Ductile iron pipe offers a great deal of versatility, security, and decades of usage/experience for such installations. In some cases standard, push-on restrained or unrestrained joint pipes can be installed in a trench with pipeline profile that should remain undisturbed and below future scour depth of the waterway. With this type of piping and joints it is generally also best if flow can be diverted or temporarily dammed, and the joints assembled and firmly backfilled "in the dry".
"Ball joint" ductile iron piping on the other hand offers great strength, damage resistance for unseen marine conditions, extremely flexible restraint that does not necessarily require dewatering or flow diversion, and this specialized type of piping often allows rapid and secure installation in much lesser conditions than standard pipes. Ball joint pipe can also be installed by a wider variety of methods including pulling/dragging from banks, float and sink, installation from barge ramps, installation by divers, just assembled like other pipes, and/or is also sought out in general applications for increased seismic movement/settlement abilities etc. (all though at increased material/manufacturing costs for this more specialized pipe).
In the last 10-15 years, there have also been increasing applications of contemporary boltless, flexible restrained joint ductile iron pipes (with sufficiently strong, flexible, and low profile restrained joints available from some manufacturers) for pulled horizontal directional drilling, as well as these or other specialized joint ductile iron pipes designed for trenchless pipe jacking, microtunneling, and other pipe pushing applications.
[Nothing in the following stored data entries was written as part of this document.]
lemma contains_kP3_1_iff:
  "contains_kP3 1 V E \<longleftrightarrow>
     (\<exists>x y z. x \<in> V \<and> y \<in> V \<and> z \<in> V \<and> distinct [x, y, z] \<and> {x, y} \<in> E \<and> {y, z} \<in> E)"
proof
  assume "contains_kP3 1 V E"
  then obtain a b c where abc: "\<forall>i<(1::nat). a i \<in> V \<and> b i \<in> V \<and> c i \<in> V \<and> {a i, b i} \<in> E \<and> {b i, c i} \<in> E"
    and inj: "inj_on (\<lambda>(i, j). if j = (0::nat) then a i else if j = 1 then b i else c i)
                ({..<1} \<times> {0, 1, 2})"
    unfolding contains_kP3_def by blast
  have "a 0 \<noteq> b 0" using inj_onD[OF inj, of "(0, 0)" "(0, 1)"] by auto
  moreover have "b 0 \<noteq> c 0" using inj_onD[OF inj, of "(0, 1)" "(0, 2)"] by auto
  moreover have "a 0 \<noteq> c 0" using inj_onD[OF inj, of "(0, 0)" "(0, 2)"] by auto
  moreover have "a 0 \<in> V \<and> b 0 \<in> V \<and> c 0 \<in> V \<and> {a 0, b 0} \<in> E \<and> {b 0, c 0} \<in> E"
    using abc by simp
  ultimately show "\<exists>x y z. x \<in> V \<and> y \<in> V \<and> z \<in> V \<and> distinct [x, y, z] \<and> {x, y} \<in> E \<and> {y, z} \<in> E"
    by (intro exI[of _ "a 0"] exI[of _ "b 0"] exI[of _ "c 0"]) simp
next
  assume "\<exists>x y z. x \<in> V \<and> y \<in> V \<and> z \<in> V \<and> distinct [x, y, z] \<and> {x, y} \<in> E \<and> {y, z} \<in> E"
  then obtain x y z where xyz: "x \<in> V" "y \<in> V" "z \<in> V" "distinct [x, y, z]" "{x, y} \<in> E" "{y, z} \<in> E"
    by blast
  have "contains_kP3 (Suc 0) V E"
    by (rule contains_kP3_Suc[OF contains_kP3_0 empty_subsetI, where x = x and y = y and z = z]) (use xyz in simp_all)
  thus "contains_kP3 1 V E" by simp
qed

lemma contains_kP3_on_small_set:
  assumes "contains_kP3 p V E"
  obtains P where "P \<subseteq> V" "finite P" "card P \<le> 3 * p" "contains_kP3 p P E"
proof -
  obtain a b c where abc: "\<forall>i<p. a i \<in> V \<and> b i \<in> V \<and> c i \<in> V \<and> {a i, b i} \<in> E \<and> {b i, c i} \<in> E"
    and inj: "inj_on (\<lambda>(i, j). if j = (0::nat) then a i else if j = 1 then b i else c i)
                ({..<p} \<times> {0, 1, 2})"
    using assms unfolding contains_kP3_def by blast
  define f where "f = (\<lambda>(i, j). if j = (0::nat) then a i else if j = 1 then b i else c i)"
  define P where "P = f ` ({..<p} \<times> {0, 1, 2})"
  have "card P \<le> card ({..<p} \<times> {0::nat, 1, 2})"
    unfolding P_def by (rule card_image_le) simp
  also have "\<dots> = 3 * p" by (simp add: card_cartesian_product)
  finally have "card P \<le> 3 * p" .
  moreover have "P \<subseteq> V"
  proof (unfold P_def, rule image_subsetI)
    fix ij assume "ij \<in> {..<p} \<times> {0::nat, 1, 2}"
    then obtain i j where "ij = (i, j)" "i < p" by blast
    moreover have "f (i, j) \<in> {a i, b i, c i}" by (simp add: f_def)
    ultimately show "f ij \<in> V" using abc by auto
  qed
  moreover have "a i \<in> P \<and> b i \<in> P \<and> c i \<in> P" if "i < p" for i
  proof -
    have "f (i, j) \<in> P" if "j \<in> {0, 1, 2}" for j
      unfolding P_def using \<open>i < p\<close> that by (intro imageI) simp
    thus ?thesis unfolding f_def by fastforce
  qed
  with abc have "\<forall>i<p. a i \<in> P \<and> b i \<in> P \<and> c i \<in> P \<and> {a i, b i} \<in> E \<and> {b i, c i} \<in> E"
    by blast
  with inj have "contains_kP3 p P E" unfolding contains_kP3_def by blast
  moreover have "finite P" unfolding P_def by simp
  ultimately show thesis using that by blast
qed

lemma P3_free_outside_packing:
  assumes "contains_kP3 p P E" "P \<subseteq> V" "\<not> contains_kP3 (Suc p) V E"
  shows "\<not> contains_kP3 1 (V - P) (induced_edges E (V - P))"
proof
  assume "contains_kP3 1 (V - P) (induced_edges E (V - P))"
  then obtain x y z where xyz: "x \<in> V - P" "y \<in> V - P" "z \<in> V - P" "distinct [x, y, z]"
      "{x, y} \<in> E" "{y, z} \<in> E"
    unfolding contains_kP3_1_iff induced_edges_def by blast
  have "contains_kP3 (Suc p) V E"
    by (rule contains_kP3_Suc[OF assms(1,2), where x = x and y = y and z = z]) (use xyz in auto)
  with assms(3) show False by contradiction
qed

lemma kP3_free_remove_high_degree:
  assumes s: "sgraph V E" and free: "\<not> contains_kP3 k V E" and "k \<ge> 1"
    and v: "v \<in> V" and deg: "card (neighbours E v) \<ge> 3 * k - 1"
  shows "\<not> contains_kP3 (k - 1) (V - {v}) (induced_edges E (V - {v}))"
proof
  assume "contains_kP3 (k - 1) (V - {v}) (induced_edges E (V - {v}))"
  then obtain P where P: "P \<subseteq> V - {v}" "finite P" "card P \<le> 3 * (k - 1)"
      "contains_kP3 (k - 1) P (induced_edges E (V - {v}))"
    by (rule contains_kP3_on_small_set)
  have packing: "contains_kP3 (k - 1) P E"
    using contains_kP3_mono[OF P(4)] unfolding induced_edges_def by blast
  have "card (neighbours E v) - card P \<le> card (neighbours E v - P)"
    by (rule diff_card_le_card_Diff[OF P(2)])
  hence "2 \<le> card (neighbours E v - P)" using deg P(3) \<open>k \<ge> 1\<close> by linarith
  then obtain x y where xy: "x \<in> neighbours E v - P" "y \<in> neighbours E v - P" "x \<noteq> y"
    by (auto simp: numeral_2_eq_2 card_le_Suc_iff)
  have "contains_kP3 (Suc (k - 1)) V E"
  proof (rule contains_kP3_Suc[OF packing, where x = x and y = v and z = y])
    show "{x, v} \<in> E" "{v, y} \<in> E"
      using xy unfolding neighbours_def by (simp_all add: insert_commute)
  qed (use xy P(1) v neighbours_subset[OF s] not_in_neighbours[OF s, of v] in auto)
  with free \<open>k \<ge> 1\<close> show False by simp
qed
While the strength, toughness, and flexibility of ductile iron pipe is perhaps equally advantageous in these out-of-sight installations/conditions with unknown bedding represented by underground pulls or pushes, it can be be overall less costly to "open cut" in some cases (as another poster has stated), even with the more expensive ball joint piping.
There is more detailed information available from the Ductile Iron Pipe Research Association (dipra.org) and ductil iron pipe manufacturers with regard to such specialized applications.